Regarding the mental element of the offence of contempt, Hartmann's defence submitted that she did not have the specific intent to interfere with the administration of justice. However, the Prosecution had argued in its final trial brief that Hartmann wrote that both Appeals Chamber orders were marked 'confidential', and that with over twenty years of journalism experience, and her six years as OTP spokesperson during which time she operated within the Tribunal's confidentiality framework, meant that she must have known she was violating those court orders by disclosing their contents. The Court agreed with the Prosecution argument, on the basis of the most recent Tribunal jurisprudence, that "any defiance of an order of a Chamber per se interferes with the administration of justice for the purposes of a conviction for contempt".
In sentencing Hartmann to pay a fine of 7,000 Euros, the Court took into account that the risk of interference with the administration of justice "is real, and it is serious" because her conduct may deter sovereign states from co-operating with the Tribunal where the provision of evidentiary material is concerned. It must be noted however that this reasoning does not seem to fit well with Security Resolution 827 (1993), which imposes a legally binding obligation on all States, including the Governments of the Former Yugoslavia, to cooperate fully with the Tribunal.
In mitigation, the Court considered the fact that some information was already in the public domain, that Hartmann's book had not been a commercial success, her co-operation with the Tribunal and her lack of prior convictions.
In an interview with France 24, Hartmann's Co-Defence Counsel Guénaël Mettraux said, “It’s very likely that we will appeal, but we have not made a final decision yet. We have 15 days to decide according to court procedure.”
The case might also be brought before the European Court of Human Rights. In the defence brief, it was argued that the prosecution of the charges violates Hartmann's fundamental rights as a journalist - mainly the freedom of expression - under Article 10 of the European Convention of Human Rights.

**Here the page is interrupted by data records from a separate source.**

(* Let $\varphi:\mathbb D\to G_2$ be a complex geodesic. Then exactly one of the following occurs: (i) $\varphi(\mathbb D)\cap S=\emptyset$; (ii) $\varphi(\mathbb D)\cap S$ consists of exactly one point; (iii) $\varphi(\mathbb D)=S$. Moreover, for each of (i), (ii), (iii) there exists a complex geodesic of $G_2$ satisfying it. *)

theory Defs
  imports "HOL-Analysis.Analysis"
begin

abbreviation disc :: "complex set" where "disc \<equiv> ball 0 1"

definition G2 :: "(complex \<times> complex) set" where
  "G2 = {(z1 + z2, z1 * z2) | z1 z2. z1 \<in> disc \<and> z2 \<in> disc}"

definition royal :: "(complex \<times> complex) set" where
  "royal = {(2 * l, l ^ 2) | l. l \<in> disc}"

definition holo2 :: "(complex \<times> complex \<Rightarrow> complex) \<Rightarrow> (complex \<times> complex) set \<Rightarrow> bool" where
  "holo2 f U \<longleftrightarrow> (\<forall>z\<in>U. \<exists>a b. (f has_derivative (\<lambda>h. a * fst h + b * snd h)) (at z))"

definition poincare :: "complex \<Rightarrow> complex \<Rightarrow> real" where
  "poincare a b = artanh (cmod ((a - b) / (1 - cnj b * a)))"

definition carath :: "(complex \<times> complex) set \<Rightarrow> complex \<times> complex \<Rightarrow> complex \<times> complex \<Rightarrow> real" where
  "carath U z w = (SUP f \<in> {f. holo2 f U \<and> f ` U \<subseteq> disc}. poincare (f z) (f w))"

definition holo_disc_map :: "(complex \<Rightarrow> complex \<times> complex) \<Rightarrow> (complex \<times> complex) set \<Rightarrow> bool" where
  "holo_disc_map \<phi> U \<longleftrightarrow> (\<lambda>l. fst (\<phi> l)) holomorphic_on disc \<and> (\<lambda>l. snd (\<phi> l)) holomorphic_on disc
     \<and> \<phi> ` disc \<subseteq> U"

definition complex_geodesic :: "(complex \<Rightarrow> complex \<times> complex) \<Rightarrow> (complex \<times> complex) set \<Rightarrow> bool" where
  "complex_geodesic \<phi> U \<longleftrightarrow> holo_disc_map \<phi> U \<and>
     (\<forall>l\<in>disc. \<forall>m\<in>disc. carath U (\<phi> l) (\<phi> m) = poincare l m)"

end

theory Submission
  imports Defs "HOL-Complex_Analysis.Complex_Analysis"
begin

(* If a holomorphic F : G2 -> D satisfies F o phi = id, then phi is a complex geodesic: by
   Schwarz-Pick no holomorphic f : G2 -> D can separate phi l and phi m by more than the
   Poincare distance of l and m, and F attains that bound. The left inverses s/2, p and
   (s - 2p)/(2 - s) give a geodesic onto the royal variety S = {(2l, l^2)}, the flat geodesic
   l |-> (0, l) meeting S only at the origin, and a geodesic missing S.
   If a geodesic phi meets S at two points phi a and phi b, the self-maps s/2 o phi and
   (s - 2p)/(2 - s) o phi of the disc agree at a and b and preserve their Poincare distance,
   since S is itself a geodesic. By the equality case of Schwarz-Pick they are one and the same
   automorphism g of the disc; their equality means p = (s/2)^2, so phi = (2g, g^2) and
   phi(D) = S. *)

section \<open>The Schwarz-Pick lemma\<close>

lemma Moebius_function_in_disc: "w \<in> disc \<Longrightarrow> z \<in> disc \<Longrightarrow> Moebius_function t w z \<in> disc"
  using Moebius_function_norm_lt_1 by simp

lemma Moebius_function_inverse:
  "w \<in> disc \<Longrightarrow> z \<in> disc \<Longrightarrow> Moebius_function 0 (- w) (Moebius_function 0 w z) = z"
  by (rule Moebius_function_compose) auto

lemma Moebius_function_eq_0_iff:
  assumes "w \<in> disc" "z \<in> disc"
  shows "Moebius_function 0 w z = 0 \<longleftrightarrow> z = w"
proof
  assume "Moebius_function 0 w z = 0"
  then have "z = Moebius_function 0 (- w) 0"
    using Moebius_function_inverse[OF assms] by simp
  then show "z = w"
    by (simp add: Moebius_function_of_zero)
qed (simp add: Moebius_function_eq_zero)

lemma poincare_eq_artanh_Moebius: "poincare a b = artanh (cmod (Moebius_function 0 b a))"
  by (simp add: poincare_def Moebius_function_simple)

lemma artanh_le_artanh_iff:
  fixes x y :: real
  assumes "\<bar>x\<bar> < 1" "\<bar>y\<bar> < 1"
  shows "artanh x \<le> artanh y \<longleftrightarrow> x \<le> y"
proof -
  have "0 < 1 - x" "0 < 1 - y"
    using assms by auto
  then have "(1 + x) / (1 - x) \<le> (1 + y) / (1 - y) \<longleftrightarrow> (1 + x) * (1 - y) \<le> (1 + y) * (1 - x)"
    by (simp add: divide_le_eq le_divide_eq)
  also have "\<dots> \<longleftrightarrow> x \<le> y"
    by (simp add: algebra_simps)
  finally have "(1 + x) / (1 - x) \<le> (1 + y) / (1 - y) \<longleftrightarrow> x \<le> y" .
  moreover have "0 < (1 + x) / (1 - x)" "0 < (1 + y) / (1 - y)"
    using assms by auto
  ultimately show ?thesis
    by (simp add: artanh_def)
qed

lemma Moebius_conjugate_self_map:
  assumes hol: "f holomorphic_on disc" and maps: "f ` disc \<subseteq> disc" and b: "b \<in> disc"
  obtains g where "g holomorphic_on disc" "g 0 = 0" "\<And>z. cmod z < 1 \<Longrightarrow> cmod (g z) < 1"
    "\<And>z. z \<in> disc \<Longrightarrow> g (Moebius_function 0 b z) = Moebius_function 0 (f b) (f z)"
proof
  have fb: "f b \<in> disc"
    using maps b by blast
  have inner: "Moebius_function 0 (- b) ` disc \<subseteq> disc"
    using Moebius_function_in_disc b by auto
  have "(f \<circ> Moebius_function 0 (- b)) holomorphic_on disc"
    using Moebius_function_holomorphic b by (intro holomorphic_on_compose_gen[OF _ hol inner]) auto
  moreover have "Moebius_function 0 (f b) holomorphic_on disc"
    using Moebius_function_holomorphic fb by simp
  moreover have "(f \<circ> Moebius_function 0 (- b)) ` disc \<subseteq> disc"
    using inner maps by (auto simp: image_comp[symmetric])
  ultimately have "(Moebius_function 0 (f b) \<circ> (f \<circ> Moebius_function 0 (- b))) holomorphic_on disc"
    by (rule holomorphic_on_compose_gen)
  then show "(\<lambda>z. Moebius_function 0 (f b) (f (Moebius_function 0 (- b) z))) holomorphic_on disc"
    by (simp add: o_def)
  show "Moebius_function 0 (f b) (f (Moebius_function 0 (- b) 0)) = 0"
    by (simp add: Moebius_function_of_zero Moebius_function_eq_zero)
  show "cmod (Moebius_function 0 (f b) (f (Moebius_function 0 (- b) z))) < 1" if "cmod z < 1" for z
  proof -
    have "z \<in> disc"
      using that by simp
    then have "f (Moebius_function 0 (- b) z) \<in> disc"
      using inner maps by blast
    then show ?thesis
      using Moebius_function_in_disc[OF fb] by simp
  qed
  show "Moebius_function 0 (f b) (f (Moebius_function 0 (- b) (Moebius_function 0 b z)))
      = Moebius_function 0 (f b) (f z)" if "z \<in> disc" for z
    using Moebius_function_inverse[OF b that] by simp
qed

lemma Schwarz_Pick:
  assumes hol: "f holomorphic_on disc" and maps: "f ` disc \<subseteq> disc" and ab: "a \<in> disc" "b \<in> disc"
  shows "poincare (f a) (f b) \<le> poincare a b"
proof -
  obtain g where g: "g holomorphic_on disc" "g 0 = 0" "\<And>z. cmod z < 1 \<Longrightarrow> cmod (g z) < 1"
    "\<And>z. z \<in> disc \<Longrightarrow> g (Moebius_function 0 b z) = Moebius_function 0 (f b) (f z)"
    using Moebius_conjugate_self_map[OF hol maps ab(2)] by blast
  have "Moebius_function 0 b a \<in> disc"
    by (intro Moebius_function_in_disc ab)
  then have "cmod (g (Moebius_function 0 b a)) \<le> cmod (Moebius_function 0 b a)"
    using Schwarz_Lemma(1)[OF g(1-3)] by simp
  moreover have "f a \<in> disc" "f b \<in> disc"
    using maps ab by blast+
  ultimately show ?thesis
    using ab g(4)
    by (simp add: poincare_eq_artanh_Moebius artanh_le_artanh_iff Moebius_function_norm_lt_1)
qed

lemma Schwarz_Pick_equality:
  assumes hol: "f holomorphic_on disc" and maps: "f ` disc \<subseteq> disc" and ab: "a \<in> disc" "b \<in> disc"
    and "a \<noteq> b" and eq: "poincare (f a) (f b) = poincare a b"
  obtains c where "cmod c = 1"
    "\<And>z. z \<in> disc \<Longrightarrow> f z = Moebius_function 0 (- f b) (c * Moebius_function 0 b z)"
proof -
  obtain g where g: "g holomorphic_on disc" "g 0 = 0" "\<And>z. cmod z < 1 \<Longrightarrow> cmod (g z) < 1"
    "\<And>z. z \<in> disc \<Longrightarrow> g (Moebius_function 0 b z) = Moebius_function 0 (f b) (f z)"
    using Moebius_conjugate_self_map[OF hol maps ab(2)] by blast
  define \<xi> where "\<xi> = Moebius_function 0 b a"
  have \<xi>: "cmod \<xi> < 1" "\<xi> \<noteq> 0"
    using ab \<open>a \<noteq> b\<close> Moebius_function_in_disc[OF ab(2,1)]
    by (simp_all add: \<xi>_def Moebius_function_eq_0_iff)
  have fab: "f a \<in> disc" "f b \<in> disc"
    using maps ab by blast+
  have "cmod (Moebius_function 0 (f b) (f a)) = cmod \<xi>"
    using eq Moebius_function_in_disc[OF fab(2,1)] Moebius_function_in_disc[OF ab(2,1)]
    by (simp add: \<xi>_def poincare_eq_artanh_Moebius order_eq_iff artanh_le_artanh_iff)
  then have "cmod (g \<xi>) = cmod \<xi>"
    using g(4)[OF ab(1)] by (simp add: \<xi>_def)
  then obtain c where c: "cmod c = 1" and gc: "\<And>z. cmod z < 1 \<Longrightarrow> g z = c * z"
    using Schwarz_Lemma(3)[OF g(1-3)] \<xi> by blast
  have "f z = Moebius_function 0 (- f b) (c * Moebius_function 0 b z)" if z: "z \<in> disc" for z
  proof -
    have "c * Moebius_function 0 b z = Moebius_function 0 (f b) (f z)"
      using gc g(4)[OF z] Moebius_function_in_disc[OF ab(2) z] by simp
    moreover have "f z \<in> disc"
      using maps z by blast
    ultimately show ?thesis
      using Moebius_function_inverse[OF fab(2)] by simp
  qed
  with c that show ?thesis
    by blast
qed

lemma Schwarz_Pick_equality_surj:
  assumes "f holomorphic_on disc" "f ` disc \<subseteq> disc" "a \<in> disc" "b \<in> disc" "a \<noteq> b"
    and "poincare (f a) (f b) = poincare a b"
  shows "f ` disc = disc"
proof
  obtain c where c: "cmod c = 1"
    and f: "\<And>z. z \<in> disc \<Longrightarrow> f z = Moebius_function 0 (- f b) (c * Moebius_function 0 b z)"
    using Schwarz_Pick_equality[OF assms] by blast
  have fb: "f b \<in> disc"
    using assms(2,4) by blast
  show "disc \<subseteq> f ` disc"
  proof
    fix y assume y: "y \<in> disc"
    define w where "w = Moebius_function 0 (f b) y / c"
    have w: "w \<in> disc"
      using Moebius_function_in_disc[OF fb y] c by (simp add: w_def norm_divide)
    define z where "z = Moebius_function 0 (- b) w"
    have z: "z \<in> disc"
      using assms(4) w by (simp add: z_def Moebius_function_norm_lt_1)
    have "Moebius_function 0 b z = w"
      using Moebius_function_inverse[of "- b" w] assms(4) w by (simp add: z_def)
    then have "f z = y"
      using f[OF z] c Moebius_function_inverse[OF fb y] by (auto simp: w_def)
    with z show "y \<in> f ` disc"
      by blast
  qed
qed (fact assms)

lemma Schwarz_Pick_equality_unique:
  assumes f: "f holomorphic_on disc" "f ` disc \<subseteq> disc"
    and g: "g holomorphic_on disc" "g ` disc \<subseteq> disc"
    and ab: "a \<in> disc" "b \<in> disc" "a \<noteq> b" and fga: "f a = g a" and fgb: "f b = g b"
    and eq: "poincare (f a) (f b) = poincare a b" and z: "z \<in> disc"
  shows "f z = g z"
proof -
  obtain c where c: "cmod c = 1"
    and fc: "\<And>z. z \<in> disc \<Longrightarrow> f z = Moebius_function 0 (- f b) (c * Moebius_function 0 b z)"
    using Schwarz_Pick_equality[OF f ab eq] by blast
  have "poincare (g a) (g b) = poincare a b"
    using eq fga fgb by simp
  then obtain d where d: "cmod d = 1"
    and gd: "\<And>z. z \<in> disc \<Longrightarrow> g z = Moebius_function 0 (- f b) (d * Moebius_function 0 b z)"
    using Schwarz_Pick_equality[OF g ab] fgb by metis
  define \<xi> where "\<xi> = Moebius_function 0 b a"
  have \<xi>: "cmod \<xi> < 1" "\<xi> \<noteq> 0"
    using ab Moebius_function_in_disc[OF ab(2,1)] by (simp_all add: \<xi>_def Moebius_function_eq_0_iff)
  have "f b \<in> disc"
    using f(2) ab(2) by blast
  then have fb: "- f b \<in> disc"
    by simp
  have "c * \<xi> \<in> disc" "d * \<xi> \<in> disc"
    using \<xi> c d by (simp_all add: norm_mult)
  moreover have "Moebius_function 0 (- f b) (c * \<xi>) = Moebius_function 0 (- f b) (d * \<xi>)"
    using fc[OF ab(1)] gd[OF ab(1)] fga by (simp add: \<xi>_def)
  ultimately have "c * \<xi> = d * \<xi>"
    using Moebius_function_inverse[OF fb] by (metis minus_minus)
  then have "c = d"
    using \<xi>(2) by simp
  then show ?thesis
    using fc[OF z] gd[OF z] by simp
qed

section \<open>Left inverses and complex geodesics\<close>

lemma holo2_compose_holo_disc_map:
  assumes F: "holo2 F U" and \<phi>: "holo_disc_map \<phi> U"
  shows "(\<lambda>l. F (\<phi> l)) holomorphic_on disc"
  unfolding holomorphic_on_open[OF open_ball]
proof
  fix l :: complex assume l: "l \<in> disc"
  obtain d1 d2 where d1: "((\<lambda>l. fst (\<phi> l)) has_field_derivative d1) (at l)"
    and d2: "((\<lambda>l. snd (\<phi> l)) has_field_derivative d2) (at l)"
    using \<phi> l unfolding holo_disc_map_def holomorphic_on_open[OF open_ball] by blast
  obtain A B where AB: "(F has_derivative (\<lambda>h. A * fst h + B * snd h)) (at (\<phi> l))"
    using F \<phi> l unfolding holo2_def holo_disc_map_def by blast
  have "((\<lambda>l. (fst (\<phi> l), snd (\<phi> l))) has_derivative (\<lambda>h. (d1 * h, d2 * h))) (at l)"
    using d1 d2
    by (intro has_derivative_Pair) (simp_all add: has_field_derivative_imp_has_derivative)
  then have "(\<phi> has_derivative (\<lambda>h. (d1 * h, d2 * h))) (at l)"
    by simp
  from diff_chain_at[OF this AB]
  have "((\<lambda>l. F (\<phi> l)) has_derivative (\<lambda>h. (A * d1 + B * d2) * h)) (at l)"
    by (simp add: o_def algebra_simps)
  then have "((\<lambda>l. F (\<phi> l)) has_field_derivative (A * d1 + B * d2)) (at l)"
    by (simp add: has_field_derivative_def)
  then show "\<exists>f'. ((\<lambda>l. F (\<phi> l)) has_field_derivative f') (at l)"
    by blast
qed

lemma holo2_fst_half: "holo2 (\<lambda>x. fst x / 2) U"
  unfolding holo2_def
  by (intro ballI exI[of _ "1/2"] exI[of _ 0]) (auto intro!: derivative_eq_intros)

lemma holo2_snd: "holo2 snd U"
  unfolding holo2_def
  by (intro ballI exI[of _ 0] exI[of _ 1]) (auto intro!: derivative_eq_intros)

But in its judgment, the Court pointed out that under Article 10(2) of the Convention, the exercise of freedom of expression may be subject to such “formalities, conditions, restrictions or penalties as are prescribed by law and are necessary in a democratic society … for preventing the disclosure of information received in confidence, or maintaining the authority and impartiality of the judiciary”. These interferences with the freedom of expression are applicable “even with respect to press coverage of matters of serious public concern”.

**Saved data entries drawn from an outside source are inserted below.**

lemma reduces_to_zero_if_mid1_less:
  assumes "lex_less lt mid1 (lex_max lt m1 m2)"
  shows "reduces_to_zero P lt (monomial m1 - monomial m2 :: 'k::field mpoly)"
proof (rule reduces_to_zero_via_middle[where g = "inner_minor a h" and c = "- var \<delta>"
      and g' = "inner_minor b \<beta>" and c' = "- var a" and T = mid1])
  show "- var \<delta> * inner_minor a h = monomial m1 - (monomial mid1 :: 'k mpoly)"
    by (simp add: inner_minor_eq var_times_binomial add_ac)
  show "- var a * inner_minor b \<beta> = monomial mid1 - (monomial m2 :: 'k mpoly)"
    by (simp add: inner_minor_eq var_times_binomial add_ac)
qed (use finite_P inner_ah inner_b\<beta> vertices_in_V m1_neq_m2 supported_m1_m2 assms in
      \<open>auto simp: G_def in_S_def var_def\<close>)

lemma reduces_to_zero_if_mid2_less:
  assumes "inner_interval P d \<delta>" and "lex_less lt mid2 (lex_max lt m1 m2)"
  shows "reduces_to_zero P lt (monomial m1 - monomial m2 :: 'k::field mpoly)"
proof (rule reduces_to_zero_via_middle[where g = "inner_minor d \<delta>" and c = "var \<gamma>"
      and g' = "inner_minor a \<beta>" and c' = "- var b" and T = mid2])
  show "var \<gamma> * inner_minor d \<delta> = monomial m1 - (monomial mid2 :: 'k mpoly)"
    by (simp add: inner_minor_eq var_times_binomial add_ac)
  show "- var b * inner_minor a \<beta> = monomial mid2 - (monomial m2 :: 'k mpoly)"
    by (simp add: inner_minor_eq var_times_binomial add_ac)
qed (use finite_P assms inner_a\<beta>_iff vertices_in_V r_in_V[OF assms(1)] m1_neq_m2 supported_m1_m2 in
      \<open>auto simp: G_def in_S_def var_def\<close>)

As a Balkans correspondent for Le Monde in the early 1990s, Hartmann had written about the discovery of a mass grave containing the remains of more than 200 people in Ovcara, Croatia. She gave evidence in 2006 before the ICTY in a case against three Yugoslav army officers accused of involvement in the mass killing. She also wrote a Case Study on Bosnia for the book, Crimes of War Project: What the Public Should Know.